'''

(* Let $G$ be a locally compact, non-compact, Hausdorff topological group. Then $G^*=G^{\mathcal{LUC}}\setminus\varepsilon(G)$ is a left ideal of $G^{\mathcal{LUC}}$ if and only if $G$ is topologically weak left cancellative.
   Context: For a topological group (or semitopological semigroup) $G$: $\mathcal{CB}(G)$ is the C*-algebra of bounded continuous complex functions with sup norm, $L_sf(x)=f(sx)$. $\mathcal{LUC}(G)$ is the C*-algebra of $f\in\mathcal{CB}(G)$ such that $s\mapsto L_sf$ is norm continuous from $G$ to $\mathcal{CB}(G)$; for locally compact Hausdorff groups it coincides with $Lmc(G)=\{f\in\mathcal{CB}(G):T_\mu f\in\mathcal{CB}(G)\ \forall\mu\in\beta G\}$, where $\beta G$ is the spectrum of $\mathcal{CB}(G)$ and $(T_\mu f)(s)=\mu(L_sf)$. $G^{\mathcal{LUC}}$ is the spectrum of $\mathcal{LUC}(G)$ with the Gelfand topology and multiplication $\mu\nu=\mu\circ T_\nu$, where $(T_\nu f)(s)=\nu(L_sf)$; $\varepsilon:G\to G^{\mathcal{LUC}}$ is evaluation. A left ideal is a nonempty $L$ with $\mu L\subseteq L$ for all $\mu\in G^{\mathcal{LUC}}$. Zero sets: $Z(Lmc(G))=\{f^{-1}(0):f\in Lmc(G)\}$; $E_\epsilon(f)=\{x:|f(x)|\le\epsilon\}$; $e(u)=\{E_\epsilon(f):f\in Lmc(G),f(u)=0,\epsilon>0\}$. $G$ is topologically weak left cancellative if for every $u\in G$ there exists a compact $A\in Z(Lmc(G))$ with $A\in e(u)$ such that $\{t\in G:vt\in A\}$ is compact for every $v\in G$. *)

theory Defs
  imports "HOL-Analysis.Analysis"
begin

'''
'''

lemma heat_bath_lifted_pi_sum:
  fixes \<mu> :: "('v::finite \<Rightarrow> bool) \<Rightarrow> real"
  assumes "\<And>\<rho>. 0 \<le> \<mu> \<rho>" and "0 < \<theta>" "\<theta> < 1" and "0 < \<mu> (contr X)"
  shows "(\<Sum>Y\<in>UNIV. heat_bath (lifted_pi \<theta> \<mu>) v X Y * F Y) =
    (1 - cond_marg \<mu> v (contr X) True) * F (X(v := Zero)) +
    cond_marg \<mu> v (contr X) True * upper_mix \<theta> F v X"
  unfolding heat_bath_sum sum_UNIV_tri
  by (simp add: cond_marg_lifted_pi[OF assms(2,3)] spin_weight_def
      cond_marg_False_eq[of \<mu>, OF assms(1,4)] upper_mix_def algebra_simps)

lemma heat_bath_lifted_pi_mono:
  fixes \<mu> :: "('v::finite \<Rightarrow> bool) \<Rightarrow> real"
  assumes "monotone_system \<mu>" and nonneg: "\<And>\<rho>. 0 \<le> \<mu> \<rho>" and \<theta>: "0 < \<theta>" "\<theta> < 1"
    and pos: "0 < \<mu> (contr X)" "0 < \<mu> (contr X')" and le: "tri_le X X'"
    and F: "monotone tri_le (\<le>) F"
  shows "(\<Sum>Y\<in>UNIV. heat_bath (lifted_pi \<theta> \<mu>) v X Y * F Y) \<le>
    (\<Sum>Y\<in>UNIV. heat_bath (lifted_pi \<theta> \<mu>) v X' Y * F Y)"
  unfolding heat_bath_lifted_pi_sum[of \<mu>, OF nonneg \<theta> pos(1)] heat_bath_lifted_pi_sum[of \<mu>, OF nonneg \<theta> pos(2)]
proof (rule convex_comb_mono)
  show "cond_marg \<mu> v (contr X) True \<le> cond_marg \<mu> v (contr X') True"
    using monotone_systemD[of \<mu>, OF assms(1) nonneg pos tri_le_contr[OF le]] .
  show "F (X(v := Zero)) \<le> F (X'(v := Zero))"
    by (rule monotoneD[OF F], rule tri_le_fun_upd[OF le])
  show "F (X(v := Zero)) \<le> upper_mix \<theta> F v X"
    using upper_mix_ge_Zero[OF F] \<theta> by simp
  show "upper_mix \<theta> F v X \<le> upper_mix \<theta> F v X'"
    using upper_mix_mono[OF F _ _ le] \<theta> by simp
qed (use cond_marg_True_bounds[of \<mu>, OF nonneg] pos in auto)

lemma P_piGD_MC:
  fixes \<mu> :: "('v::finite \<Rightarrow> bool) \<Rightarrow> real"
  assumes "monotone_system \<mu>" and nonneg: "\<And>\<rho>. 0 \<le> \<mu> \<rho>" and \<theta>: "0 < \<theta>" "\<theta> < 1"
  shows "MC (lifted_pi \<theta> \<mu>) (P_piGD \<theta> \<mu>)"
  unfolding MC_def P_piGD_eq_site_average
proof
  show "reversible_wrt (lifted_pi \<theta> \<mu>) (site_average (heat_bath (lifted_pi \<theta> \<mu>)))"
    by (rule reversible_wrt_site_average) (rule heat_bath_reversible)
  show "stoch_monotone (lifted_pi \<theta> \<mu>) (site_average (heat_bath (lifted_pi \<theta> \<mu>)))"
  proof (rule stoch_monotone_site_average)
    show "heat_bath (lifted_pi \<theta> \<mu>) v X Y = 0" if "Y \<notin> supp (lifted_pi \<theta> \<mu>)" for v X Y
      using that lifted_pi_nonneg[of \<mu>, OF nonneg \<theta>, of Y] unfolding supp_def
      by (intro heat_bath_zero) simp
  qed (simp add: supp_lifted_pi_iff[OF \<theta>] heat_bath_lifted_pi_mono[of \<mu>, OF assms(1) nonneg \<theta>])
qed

'''
'''

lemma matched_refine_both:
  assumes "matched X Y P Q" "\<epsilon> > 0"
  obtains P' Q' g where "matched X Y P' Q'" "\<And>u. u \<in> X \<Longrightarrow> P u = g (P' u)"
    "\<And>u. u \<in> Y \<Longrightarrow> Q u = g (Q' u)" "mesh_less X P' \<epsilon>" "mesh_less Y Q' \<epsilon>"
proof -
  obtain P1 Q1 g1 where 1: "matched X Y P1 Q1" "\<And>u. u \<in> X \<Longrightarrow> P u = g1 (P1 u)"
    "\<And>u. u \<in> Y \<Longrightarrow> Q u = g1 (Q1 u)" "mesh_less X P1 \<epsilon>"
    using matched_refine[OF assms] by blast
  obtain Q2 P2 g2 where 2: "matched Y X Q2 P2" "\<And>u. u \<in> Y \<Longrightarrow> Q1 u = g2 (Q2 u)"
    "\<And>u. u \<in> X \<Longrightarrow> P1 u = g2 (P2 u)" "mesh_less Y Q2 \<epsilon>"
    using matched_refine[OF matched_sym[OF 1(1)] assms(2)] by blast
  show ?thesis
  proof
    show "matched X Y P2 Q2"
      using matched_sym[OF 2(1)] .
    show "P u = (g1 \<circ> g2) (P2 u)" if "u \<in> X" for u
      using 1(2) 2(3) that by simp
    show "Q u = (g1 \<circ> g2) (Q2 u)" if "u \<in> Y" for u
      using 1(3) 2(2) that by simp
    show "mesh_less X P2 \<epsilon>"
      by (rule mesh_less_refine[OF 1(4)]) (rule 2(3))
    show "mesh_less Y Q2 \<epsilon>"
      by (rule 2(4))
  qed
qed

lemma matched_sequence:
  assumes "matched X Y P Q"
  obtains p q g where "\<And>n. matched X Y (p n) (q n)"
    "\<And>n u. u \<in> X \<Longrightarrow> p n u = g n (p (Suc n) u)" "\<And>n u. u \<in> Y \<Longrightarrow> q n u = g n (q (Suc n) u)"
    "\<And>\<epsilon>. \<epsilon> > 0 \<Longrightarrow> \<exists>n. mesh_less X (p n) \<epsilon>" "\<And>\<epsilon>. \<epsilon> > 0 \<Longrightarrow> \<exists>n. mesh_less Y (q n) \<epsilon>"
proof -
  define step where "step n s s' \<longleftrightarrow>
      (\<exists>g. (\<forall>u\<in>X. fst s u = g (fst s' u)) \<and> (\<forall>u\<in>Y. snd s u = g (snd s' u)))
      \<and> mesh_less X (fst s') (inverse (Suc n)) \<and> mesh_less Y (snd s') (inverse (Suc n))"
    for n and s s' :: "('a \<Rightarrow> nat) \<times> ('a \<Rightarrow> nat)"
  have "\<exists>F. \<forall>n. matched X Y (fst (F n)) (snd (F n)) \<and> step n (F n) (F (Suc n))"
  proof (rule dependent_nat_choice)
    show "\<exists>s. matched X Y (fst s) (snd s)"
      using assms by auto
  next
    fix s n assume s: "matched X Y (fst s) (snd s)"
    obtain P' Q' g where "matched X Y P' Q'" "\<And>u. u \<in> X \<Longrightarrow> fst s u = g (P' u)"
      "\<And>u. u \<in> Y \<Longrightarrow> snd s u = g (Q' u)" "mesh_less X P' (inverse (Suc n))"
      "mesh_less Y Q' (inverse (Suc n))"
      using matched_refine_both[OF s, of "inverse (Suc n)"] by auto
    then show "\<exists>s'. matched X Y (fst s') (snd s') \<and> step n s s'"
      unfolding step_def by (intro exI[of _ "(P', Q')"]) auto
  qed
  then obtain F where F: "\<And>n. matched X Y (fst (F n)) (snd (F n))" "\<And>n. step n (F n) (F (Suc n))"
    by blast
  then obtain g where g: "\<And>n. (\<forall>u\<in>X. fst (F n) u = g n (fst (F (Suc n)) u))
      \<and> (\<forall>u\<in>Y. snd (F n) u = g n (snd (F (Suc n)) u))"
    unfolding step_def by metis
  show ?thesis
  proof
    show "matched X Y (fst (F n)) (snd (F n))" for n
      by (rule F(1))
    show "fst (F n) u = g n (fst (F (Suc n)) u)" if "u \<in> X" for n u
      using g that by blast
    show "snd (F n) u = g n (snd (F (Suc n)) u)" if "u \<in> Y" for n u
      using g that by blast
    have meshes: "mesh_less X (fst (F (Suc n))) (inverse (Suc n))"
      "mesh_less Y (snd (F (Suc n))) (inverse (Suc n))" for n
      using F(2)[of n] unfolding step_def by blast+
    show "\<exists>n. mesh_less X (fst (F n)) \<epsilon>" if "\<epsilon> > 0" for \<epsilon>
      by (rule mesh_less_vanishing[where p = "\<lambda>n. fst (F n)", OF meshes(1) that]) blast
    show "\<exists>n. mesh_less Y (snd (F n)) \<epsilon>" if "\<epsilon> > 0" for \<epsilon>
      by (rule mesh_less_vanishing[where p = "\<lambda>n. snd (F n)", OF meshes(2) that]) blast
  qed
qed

'''

Activity:
Search the preceding listing for the word "auto" and pull out every line that holds it.

Answer section:
qed (use cond_marg_True_bounds[of \<mu>, OF nonneg] pos in auto)
      using assms by auto
      using matched_refine_both[OF s, of "inverse (Suc n)"] by auto
      unfolding step_def by (intro exI[of _ "(P', Q')"]) auto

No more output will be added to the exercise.